С Этелкой мы уже совершенно подружились и веселились как дети, милая Ненне смотрела на нас улыбаясь. Все было так восхитительно и чисто. Когда надоело смотреть картины, мы стали бродить по улицам, разглядывали витрины, жемчуга, зеркала, стекло, миниатюрные скульптуры, фотографии, драгоценности, мозаику. Разглядывали дома, изумительные окна, изящные, романтические балконы. Мы сворачивали в узенькие улочки, где с трудом могли идти рядом двое; из открытых дверей лавчонок неслись пряные запахи овощей и оливкового масла, лица домов напоминали лица увядающих, утомленных красавиц, камни мостовой покрывала благородная грязь веков, и звучные латинские слова усталым пружинистым эхом отдавались среди оседающих, покалеченных стен.

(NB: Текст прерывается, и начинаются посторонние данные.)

(* Let $z\in\mathbb C\setminus\{0\}$, $\nu\in\mathrm{FA}(\partial\mathbb T)$ and $\gamma\in\mathrm{Aut}(\mathbb T)$. Then $\pi_z(\gamma)\nu=\nu$ if and only if $$z^{d(o,\iota(e))}\,\nu(\partial e)=z^{d(o,\iota(\gamma e))}\,\nu(\partial(\gamma e))$$ for every oriented edge $e$ of $\mathbb T$ that points away from $o$ and away from $\gamma^{-1}o$.
   Context: $\mathbb T$ is a locally finite tree without vertices of degree $\le1$, with graph metric $d$ on vertices and a fixed base vertex $o$. For an oriented edge $e$ with initial vertex $\iota(e)$ and terminal vertex $\tau(e)$, $e$ points away from a vertex $x$ if $d(x,\tau(e))=d(x,\iota(e))+1$. $\partial\mathbb T$ is the set of ends of $\mathbb T$ (equivalence classes of geodesic rays, two rays being equivalent if they share infinitely many edges); for every vertex $x$ and end $\omega$ there is a unique geodesic ray from $x$ to $\omega$. The forward set $\partial e\subseteq\partial\mathbb T$ of an oriented edge $e$ consists of the ends $\omega$ whose ray from $\iota(e)$ starts with $e$; forward sets form a basis of compact open sets of a compact totally disconnected topology on $\partial\mathbb T$. $\mathrm{FA}(\partial\mathbb T)$ is the space of finitely additive complex-valued set functions on the clopen subsets of $\partial\mathbb T$; a locally constant $g$ can be integrated: $\int_Ag\,d\nu=\sum_ig_i\nu(A_i)$ for a finite clopen partition $A=\bigsqcup A_i$ with $g\equiv g_i$ on $A_i$. For an end $\omega$ and vertices $x,y$, $h_\omega(x,y):=d(x,w)-d(y,w)$ for any vertex $w$ lying on both rays from $x$ and from $y$ to $\omega$. $\mathrm{Aut}(\mathbb T)$ acts on ends, and on $\mathrm{FA}(\partial\mathbb T)$ by $(\gamma\nu)(A)=\nu(\gamma^{-1}A)$. The twisted action is $(\pi_z(\gamma)\nu)(A):=\int_A c_\gamma\,d(\gamma\nu)$, where $c_\gamma(\omega)=z^{h_\omega(\gamma o,\,o)}$ (a locally constant function). *)

theory Defs
  imports "HOL-Analysis.Analysis"
begin

text \<open>Trees: vertices are all elements of the type 'v; E is the adjacency relation.\<close>

definition is_walk :: "('v \<Rightarrow> 'v \<Rightarrow> bool) \<Rightarrow> 'v list \<Rightarrow> bool" where
  "is_walk E xs \<longleftrightarrow> xs \<noteq> [] \<and> (\<forall>i. Suc i < length xs \<longrightarrow> E (xs ! i) (xs ! Suc i))"

definition is_tree :: "('v \<Rightarrow> 'v \<Rightarrow> bool) \<Rightarrow> bool" where
  "is_tree E \<longleftrightarrow> (\<forall>x y. E x y \<longrightarrow> E y x) \<and> (\<forall>x. \<not> E x x)
     \<and> (\<forall>x y. \<exists>xs. is_walk E xs \<and> hd xs = x \<and> last xs = y)
     \<and> \<not> (\<exists>xs. length xs \<ge> 3 \<and> distinct xs \<and> is_walk E xs \<and> E (last xs) (hd xs))"

definition locally_finite_graph :: "('v \<Rightarrow> 'v \<Rightarrow> bool) \<Rightarrow> bool" where
  "locally_finite_graph E \<longleftrightarrow> (\<forall>x. finite {y. E x y})"

definition no_leaves :: "('v \<Rightarrow> 'v \<Rightarrow> bool) \<Rightarrow> bool" where
  "no_leaves E \<longleftrightarrow> (\<forall>x. card {y. E x y} \<ge> 2)"

definition tdist :: "('v \<Rightarrow> 'v \<Rightarrow> bool) \<Rightarrow> 'v \<Rightarrow> 'v \<Rightarrow> nat" where
  "tdist E x y = (LEAST n. \<exists>xs. is_walk E xs \<and> hd xs = x \<and> last xs = y \<and> length xs = Suc n)"

definition geod_ray :: "('v \<Rightarrow> 'v \<Rightarrow> bool) \<Rightarrow> (nat \<Rightarrow> 'v) \<Rightarrow> bool" where
  "geod_ray E r \<longleftrightarrow> (\<forall>m n. tdist E (r m) (r n) = (if m \<le> n then n - m else m - n))"

definition ray_edges :: "(nat \<Rightarrow> 'v) \<Rightarrow> 'v set set" where
  "ray_edges r = {{r n, r (Suc n)} | n. True}"

definition ray_equiv :: "('v \<Rightarrow> 'v \<Rightarrow> bool) \<Rightarrow> ((nat \<Rightarrow> 'v) \<times> (nat \<Rightarrow> 'v)) set" where
  "ray_equiv E = {(r, s). geod_ray E r \<and> geod_ray E s \<and> infinite (ray_edges r \<inter> ray_edges s)}"

definition ends :: "('v \<Rightarrow> 'v \<Rightarrow> bool) \<Rightarrow> (nat \<Rightarrow> 'v) set set" where
  "ends E = {r. geod_ray E r} // ray_equiv E"

definition ray_to :: "('v \<Rightarrow> 'v \<Rightarrow> bool) \<Rightarrow> 'v \<Rightarrow> (nat \<Rightarrow> 'v) set \<Rightarrow> nat \<Rightarrow> 'v" where
  "ray_to E x \<omega> = (THE r. r \<in> \<omega> \<and> r 0 = x)"

definition fwd :: "('v \<Rightarrow> 'v \<Rightarrow> bool) \<Rightarrow> 'v \<times> 'v \<Rightarrow> (nat \<Rightarrow> 'v) set set" where
  "fwd E e = {\<omega> \<in> ends E. ray_to E (fst e) \<omega> 1 = snd e}"

definition oriented_edges :: "('v \<Rightarrow> 'v \<Rightarrow> bool) \<Rightarrow> ('v \<times> 'v) set" where
  "oriented_edges E = {(u, v). E u v}"

definition points_away :: "('v \<Rightarrow> 'v \<Rightarrow> bool) \<Rightarrow> 'v \<times> 'v \<Rightarrow> 'v \<Rightarrow> bool" where
  "points_away E e x \<longleftrightarrow> tdist E x (snd e) = tdist E x (fst e) + 1"

definition ends_top :: "('v \<Rightarrow> 'v \<Rightarrow> bool) \<Rightarrow> (nat \<Rightarrow> 'v) set topology" where
  "ends_top E = topology_generated_by (fwd E ` oriented_edges E)"

definition clopen_ends :: "('v \<Rightarrow> 'v \<Rightarrow> bool) \<Rightarrow> (nat \<Rightarrow> 'v) set set \<Rightarrow> bool" where
  "clopen_ends E A \<longleftrightarrow> openin (ends_top E) A \<and> closedin (ends_top E) A"

text \<open>Finitely additive complex set functions on the clopen sets
  (values on non-clopen sets are irrelevant and never used).\<close>
definition FA :: "('v \<Rightarrow> 'v \<Rightarrow> bool) \<Rightarrow> ((nat \<Rightarrow> 'v) set set \<Rightarrow> complex) set" where
  "FA E = {\<nu>. \<forall>A B. clopen_ends E A \<and> clopen_ends E B \<and> A \<inter> B = {} \<longrightarrow> \<nu> (A \<union> B) = \<nu> A + \<nu> B}"

definition fa_integral :: "('v \<Rightarrow> 'v \<Rightarrow> bool) \<Rightarrow> (nat \<Rightarrow> 'v) set set
     \<Rightarrow> ((nat \<Rightarrow> 'v) set \<Rightarrow> complex) \<Rightarrow> ((nat \<Rightarrow> 'v) set set \<Rightarrow> complex) \<Rightarrow> complex" where
  "fa_integral E A g \<nu> = (SOME s. \<exists>P. finite P \<and> \<Union>P = A
      \<and> (\<forall>B\<in>P. \<forall>C\<in>P. B \<noteq> C \<longrightarrow> B \<inter> C = {})
      \<and> (\<forall>B\<in>P. clopen_ends E B \<and> B \<noteq> {} \<and> (\<forall>\<omega>\<in>B. \<forall>\<omega>'\<in>B. g \<omega> = g \<omega>'))
      \<and> s = (\<Sum>B\<in>P. g (SOME \<omega>. \<omega> \<in> B) * \<nu> B))"

definition horo :: "('v \<Rightarrow> 'v \<Rightarrow> bool) \<Rightarrow> (nat \<Rightarrow> 'v) set \<Rightarrow> 'v \<Rightarrow> 'v \<Rightarrow> int" where
  "horo E \<omega> x y = (THE k. \<forall>w. w \<in> range (ray_to E x \<omega>) \<and> w \<in> range (ray_to E y \<omega>)
        \<longrightarrow> k = int (tdist E x w) - int (tdist E y w))"

definition Aut :: "('v \<Rightarrow> 'v \<Rightarrow> bool) \<Rightarrow> ('v \<Rightarrow> 'v) set" where
  "Aut E = {\<gamma>. bij \<gamma> \<and> (\<forall>x y. E x y \<longleftrightarrow> E (\<gamma> x) (\<gamma> y))}"

definition act_end :: "('v \<Rightarrow> 'v) \<Rightarrow> (nat \<Rightarrow> 'v) set \<Rightarrow> (nat \<Rightarrow> 'v) set" where
  "act_end \<gamma> \<omega> = (\<lambda>r. \<gamma> \<circ> r) ` \<omega>"

definition act_fa :: "('v \<Rightarrow> 'v \<Rightarrow> bool) \<Rightarrow> ('v \<Rightarrow> 'v) \<Rightarrow> ((nat \<Rightarrow> 'v) set set \<Rightarrow> complex)
     \<Rightarrow> (nat \<Rightarrow> 'v) set set \<Rightarrow> complex" where
  "act_fa E \<gamma> \<nu> A = \<nu> {\<omega> \<in> ends E. act_end \<gamma> \<omega> \<in> A}"

definition pi_z :: "('v \<Rightarrow> 'v \<Rightarrow> bool) \<Rightarrow> 'v \<Rightarrow> complex \<Rightarrow> ('v \<Rightarrow> 'v)
     \<Rightarrow> ((nat \<Rightarrow> 'v) set set \<Rightarrow> complex) \<Rightarrow> (nat \<Rightarrow> 'v) set set \<Rightarrow> complex" where
  "pi_z E b z \<gamma> \<nu> A = fa_integral E A (\<lambda>\<omega>. z powi horo E \<omega> (\<gamma> b) b) (act_fa E \<gamma> \<nu>)"

end

theory Submission
  imports Defs
begin

text \<open>By compactness of the space of ends (Koenig's lemma, using local finiteness), every clopen
  set of ends is a finite disjoint union of forward sets of edges at one common, arbitrarily large
  distance from b; such edges point away both from b and from \<gamma> b. For an edge e pointing away
  from both, the rays from b and from \<gamma> b to every end in \<partial>e run through e, so the cocycle
  is constant on \<partial>e, equal to z^(d(\<gamma> b, \<iota> e) - d(b, \<iota> e)). Hence
  \<pi>_z(\<gamma>)\<nu>(\<partial>e) is that constant times \<nu>(\<partial>(inv \<gamma> e)), and after reindexing e by \<gamma> the
  equality \<pi>_z(\<gamma>)\<nu>(\<partial>e) = \<nu>(\<partial>e) is exactly the edge condition. Finite additivity
  transfers the equality between these forward sets and arbitrary clopen sets.\<close>

section \<open>Walks\<close>

fun walk :: "('v \<Rightarrow> 'v \<Rightarrow> bool) \<Rightarrow> 'v list \<Rightarrow> bool" where
  "walk E [] = False"
| "walk E [x] = True"
| "walk E (x # y # xs) \<longleftrightarrow> E x y \<and> walk E (y # xs)"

Женщина спустила на веревке с четвертого этажа корзину, ее служанка стояла внизу и укладывала в корзину свежую зелень, сверху положила запечатанное письмо. Молодой парнишка нес медные ведра на красиво изогнутом, обитом медью коромысле, напевая без слов странную мелодию. В окнах антикварных лавок тускло поблескивали старинные металлические предметы, пыльное потрескавшееся от времени стекло. Через проулки со слепыми стенами ненужно перекинулись дуги арок. Впереди шли девушки, высокие, стройные девушки-работницы, черноглазые, с копнами темно-золотых волос; их большие черные шали придавали фигурам на диво благородную осанку. Навстречу им спешил парень, пуговица его куртки запуталась в бахроме чьей-то шали. С веселым смехом пуговицу высвободили, и знакомство мгновенно состоялось. Мы шли дальше. Перед мраморной Марией на углу горела лампадка. То там, то здесь дорогу пересекала зеленая rio [10] , возле мраморных ступеней, покрытых зелеными водорослями, праздно покачивалась гондола. Гладкие, с лесенками, мраморные мостики изгибали перед нами свои древние спины. Мраморные шишечки их перил истерлись до зеркальной желтизны.
10
Здесь — канал (ит.).
— Gondole, gondole! [11] — бойко выкрикивали симпатичные гондольеры.
То и дело мы оказывались на какой-нибудь campo [12] . Стены домов украшала разноцветная мраморная мозаика, напоминавшая шелковые вставки в парадных туалетах дам. Этот город был городом гладких поверхностей не в меньшей степени, чем городом тишины. Город гладкого камня, гладкой воды.
— Взгляните, какой прелестный садик! — воскликнула Этелка.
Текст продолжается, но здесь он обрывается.